• Prompt: Where the word "linarith" occurs in a line of the listing, please copy the line.

###

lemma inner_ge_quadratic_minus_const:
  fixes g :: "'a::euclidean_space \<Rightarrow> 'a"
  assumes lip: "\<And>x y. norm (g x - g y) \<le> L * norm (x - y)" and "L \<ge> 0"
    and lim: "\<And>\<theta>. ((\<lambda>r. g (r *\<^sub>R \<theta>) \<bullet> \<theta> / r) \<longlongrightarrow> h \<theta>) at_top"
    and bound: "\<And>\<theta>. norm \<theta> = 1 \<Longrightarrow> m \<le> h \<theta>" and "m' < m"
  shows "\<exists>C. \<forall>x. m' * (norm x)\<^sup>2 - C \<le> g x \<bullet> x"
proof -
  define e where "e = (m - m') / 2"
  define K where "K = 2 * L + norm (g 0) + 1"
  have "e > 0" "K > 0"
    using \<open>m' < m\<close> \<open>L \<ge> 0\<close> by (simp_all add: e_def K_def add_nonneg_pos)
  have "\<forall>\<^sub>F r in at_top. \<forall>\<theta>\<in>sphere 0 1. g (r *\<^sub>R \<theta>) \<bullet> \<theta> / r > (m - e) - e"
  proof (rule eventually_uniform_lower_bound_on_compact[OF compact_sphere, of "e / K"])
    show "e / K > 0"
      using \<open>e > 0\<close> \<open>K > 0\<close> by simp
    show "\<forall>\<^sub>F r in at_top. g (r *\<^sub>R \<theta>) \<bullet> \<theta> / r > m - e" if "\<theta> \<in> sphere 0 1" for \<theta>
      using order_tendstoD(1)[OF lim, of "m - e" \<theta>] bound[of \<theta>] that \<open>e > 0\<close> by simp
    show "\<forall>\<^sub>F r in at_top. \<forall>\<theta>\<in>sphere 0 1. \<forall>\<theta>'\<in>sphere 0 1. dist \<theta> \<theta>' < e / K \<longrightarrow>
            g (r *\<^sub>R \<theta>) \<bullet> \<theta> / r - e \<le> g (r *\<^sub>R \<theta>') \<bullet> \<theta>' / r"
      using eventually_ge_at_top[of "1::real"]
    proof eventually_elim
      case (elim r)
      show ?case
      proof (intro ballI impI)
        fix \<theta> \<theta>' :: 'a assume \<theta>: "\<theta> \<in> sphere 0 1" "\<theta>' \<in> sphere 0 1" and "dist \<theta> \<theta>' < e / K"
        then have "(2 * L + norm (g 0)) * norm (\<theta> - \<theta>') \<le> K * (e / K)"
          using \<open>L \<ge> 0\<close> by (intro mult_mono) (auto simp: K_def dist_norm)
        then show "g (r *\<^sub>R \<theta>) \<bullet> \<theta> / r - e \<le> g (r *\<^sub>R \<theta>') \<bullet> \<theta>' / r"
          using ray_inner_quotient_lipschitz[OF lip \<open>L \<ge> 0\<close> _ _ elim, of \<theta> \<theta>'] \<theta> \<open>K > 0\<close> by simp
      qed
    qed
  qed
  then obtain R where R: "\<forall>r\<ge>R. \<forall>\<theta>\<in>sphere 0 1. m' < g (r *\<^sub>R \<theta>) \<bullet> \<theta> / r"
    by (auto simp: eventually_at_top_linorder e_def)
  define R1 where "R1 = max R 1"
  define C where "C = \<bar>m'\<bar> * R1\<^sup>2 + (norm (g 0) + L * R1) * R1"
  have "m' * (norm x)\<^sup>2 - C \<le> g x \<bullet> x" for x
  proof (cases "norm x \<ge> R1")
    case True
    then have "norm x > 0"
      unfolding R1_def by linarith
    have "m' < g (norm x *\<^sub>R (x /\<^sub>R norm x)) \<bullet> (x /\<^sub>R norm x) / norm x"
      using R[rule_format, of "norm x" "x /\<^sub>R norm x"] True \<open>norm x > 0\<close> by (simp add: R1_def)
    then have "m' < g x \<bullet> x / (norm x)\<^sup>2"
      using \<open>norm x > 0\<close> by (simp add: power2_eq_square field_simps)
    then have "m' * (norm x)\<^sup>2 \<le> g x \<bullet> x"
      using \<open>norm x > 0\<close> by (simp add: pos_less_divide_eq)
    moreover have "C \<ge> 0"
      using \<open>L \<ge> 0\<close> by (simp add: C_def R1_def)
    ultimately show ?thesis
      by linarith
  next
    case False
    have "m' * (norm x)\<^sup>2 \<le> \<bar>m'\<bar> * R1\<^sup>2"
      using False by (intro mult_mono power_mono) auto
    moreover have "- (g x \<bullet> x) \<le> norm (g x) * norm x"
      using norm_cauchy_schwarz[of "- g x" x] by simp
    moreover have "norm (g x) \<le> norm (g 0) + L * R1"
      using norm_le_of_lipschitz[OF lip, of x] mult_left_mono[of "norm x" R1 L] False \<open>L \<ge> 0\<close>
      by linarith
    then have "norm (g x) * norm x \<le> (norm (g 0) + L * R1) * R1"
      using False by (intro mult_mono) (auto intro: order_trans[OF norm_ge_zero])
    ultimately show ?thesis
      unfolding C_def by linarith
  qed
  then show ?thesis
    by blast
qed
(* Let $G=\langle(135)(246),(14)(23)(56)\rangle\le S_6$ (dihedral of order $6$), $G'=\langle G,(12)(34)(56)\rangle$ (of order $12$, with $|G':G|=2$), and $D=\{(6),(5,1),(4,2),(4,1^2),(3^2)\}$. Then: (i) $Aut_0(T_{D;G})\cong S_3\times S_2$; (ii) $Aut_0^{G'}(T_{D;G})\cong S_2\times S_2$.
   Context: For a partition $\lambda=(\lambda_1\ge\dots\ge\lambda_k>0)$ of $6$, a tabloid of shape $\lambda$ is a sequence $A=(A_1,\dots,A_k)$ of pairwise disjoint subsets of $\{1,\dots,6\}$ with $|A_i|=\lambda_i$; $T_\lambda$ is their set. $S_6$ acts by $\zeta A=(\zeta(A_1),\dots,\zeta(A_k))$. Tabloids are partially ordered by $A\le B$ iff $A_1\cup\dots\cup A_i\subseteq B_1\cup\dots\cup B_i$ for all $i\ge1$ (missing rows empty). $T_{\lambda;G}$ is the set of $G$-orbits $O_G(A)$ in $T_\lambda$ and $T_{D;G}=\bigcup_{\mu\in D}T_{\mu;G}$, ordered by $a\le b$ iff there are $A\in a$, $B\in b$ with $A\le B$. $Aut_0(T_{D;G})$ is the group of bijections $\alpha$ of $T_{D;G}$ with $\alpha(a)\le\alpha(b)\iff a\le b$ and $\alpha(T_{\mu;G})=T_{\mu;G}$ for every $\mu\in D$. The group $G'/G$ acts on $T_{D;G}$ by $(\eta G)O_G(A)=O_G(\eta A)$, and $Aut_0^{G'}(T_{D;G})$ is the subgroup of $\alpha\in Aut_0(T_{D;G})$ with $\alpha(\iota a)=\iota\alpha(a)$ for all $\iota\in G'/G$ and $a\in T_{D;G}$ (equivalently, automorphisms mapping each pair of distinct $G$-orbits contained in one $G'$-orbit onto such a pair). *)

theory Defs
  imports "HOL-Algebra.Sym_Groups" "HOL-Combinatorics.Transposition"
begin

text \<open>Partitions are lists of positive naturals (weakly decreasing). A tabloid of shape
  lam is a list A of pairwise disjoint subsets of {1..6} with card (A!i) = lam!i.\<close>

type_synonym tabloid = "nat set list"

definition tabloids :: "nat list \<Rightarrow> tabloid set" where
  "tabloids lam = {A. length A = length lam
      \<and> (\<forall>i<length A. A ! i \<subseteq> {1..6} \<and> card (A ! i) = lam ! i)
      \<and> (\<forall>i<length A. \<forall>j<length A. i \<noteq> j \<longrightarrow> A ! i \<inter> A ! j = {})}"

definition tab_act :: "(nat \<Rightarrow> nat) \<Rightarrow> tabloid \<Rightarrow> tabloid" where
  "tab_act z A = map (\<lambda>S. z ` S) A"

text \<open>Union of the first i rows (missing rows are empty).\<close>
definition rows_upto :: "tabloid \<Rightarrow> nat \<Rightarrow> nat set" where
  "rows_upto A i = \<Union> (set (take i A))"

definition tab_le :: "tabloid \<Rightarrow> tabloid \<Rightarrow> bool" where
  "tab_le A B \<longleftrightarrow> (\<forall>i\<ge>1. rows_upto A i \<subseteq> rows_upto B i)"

###

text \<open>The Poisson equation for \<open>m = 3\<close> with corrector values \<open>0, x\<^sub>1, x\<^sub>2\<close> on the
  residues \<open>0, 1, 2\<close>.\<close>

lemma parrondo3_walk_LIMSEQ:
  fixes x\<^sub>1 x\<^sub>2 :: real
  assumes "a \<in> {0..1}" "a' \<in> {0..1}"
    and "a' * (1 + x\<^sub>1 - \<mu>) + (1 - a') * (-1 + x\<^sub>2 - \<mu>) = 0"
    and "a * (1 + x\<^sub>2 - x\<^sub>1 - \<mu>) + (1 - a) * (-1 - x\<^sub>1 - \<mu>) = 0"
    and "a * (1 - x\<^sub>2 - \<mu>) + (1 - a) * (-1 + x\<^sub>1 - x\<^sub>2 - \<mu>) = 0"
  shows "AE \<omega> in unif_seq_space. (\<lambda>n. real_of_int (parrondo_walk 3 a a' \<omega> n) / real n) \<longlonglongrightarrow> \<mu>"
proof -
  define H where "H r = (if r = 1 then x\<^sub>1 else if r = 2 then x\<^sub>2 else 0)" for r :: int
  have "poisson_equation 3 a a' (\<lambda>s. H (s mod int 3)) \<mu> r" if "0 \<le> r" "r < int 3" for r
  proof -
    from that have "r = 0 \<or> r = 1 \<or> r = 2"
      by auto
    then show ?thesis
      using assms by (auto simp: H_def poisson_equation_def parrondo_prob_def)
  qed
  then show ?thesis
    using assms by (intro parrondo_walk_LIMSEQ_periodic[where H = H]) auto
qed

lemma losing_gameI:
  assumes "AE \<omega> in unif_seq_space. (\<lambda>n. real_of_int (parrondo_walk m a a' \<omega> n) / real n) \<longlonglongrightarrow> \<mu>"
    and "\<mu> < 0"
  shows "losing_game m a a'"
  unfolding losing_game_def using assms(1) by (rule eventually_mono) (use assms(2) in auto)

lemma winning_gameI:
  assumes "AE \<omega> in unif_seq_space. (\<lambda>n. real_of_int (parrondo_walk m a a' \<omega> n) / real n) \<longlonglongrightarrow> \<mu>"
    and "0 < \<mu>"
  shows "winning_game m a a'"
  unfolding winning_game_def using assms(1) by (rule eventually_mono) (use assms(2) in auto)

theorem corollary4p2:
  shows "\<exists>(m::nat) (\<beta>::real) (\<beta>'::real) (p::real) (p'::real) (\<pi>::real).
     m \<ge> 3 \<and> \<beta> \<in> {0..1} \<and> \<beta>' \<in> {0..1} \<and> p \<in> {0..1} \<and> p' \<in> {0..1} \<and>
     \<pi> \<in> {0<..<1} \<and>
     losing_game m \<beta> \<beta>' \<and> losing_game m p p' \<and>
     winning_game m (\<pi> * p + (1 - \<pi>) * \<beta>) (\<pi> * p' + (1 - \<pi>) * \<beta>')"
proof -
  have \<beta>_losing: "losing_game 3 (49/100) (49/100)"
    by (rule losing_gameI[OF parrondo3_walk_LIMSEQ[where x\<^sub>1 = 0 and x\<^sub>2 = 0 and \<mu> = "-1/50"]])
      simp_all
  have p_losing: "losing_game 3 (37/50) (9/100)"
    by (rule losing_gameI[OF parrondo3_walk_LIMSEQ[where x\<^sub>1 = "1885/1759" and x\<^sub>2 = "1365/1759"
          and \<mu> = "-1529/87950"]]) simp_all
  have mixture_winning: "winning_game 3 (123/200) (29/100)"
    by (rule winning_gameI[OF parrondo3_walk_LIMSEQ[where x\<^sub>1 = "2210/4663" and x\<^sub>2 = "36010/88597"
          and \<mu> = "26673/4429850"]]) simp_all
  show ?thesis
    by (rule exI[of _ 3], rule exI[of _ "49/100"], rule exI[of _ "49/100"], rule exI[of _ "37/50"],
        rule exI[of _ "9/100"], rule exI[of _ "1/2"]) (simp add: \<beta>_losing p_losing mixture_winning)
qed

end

###

• Exercise output:
      unfolding R1_def by linarith
      by linarith
      by linarith
      unfolding C_def by linarith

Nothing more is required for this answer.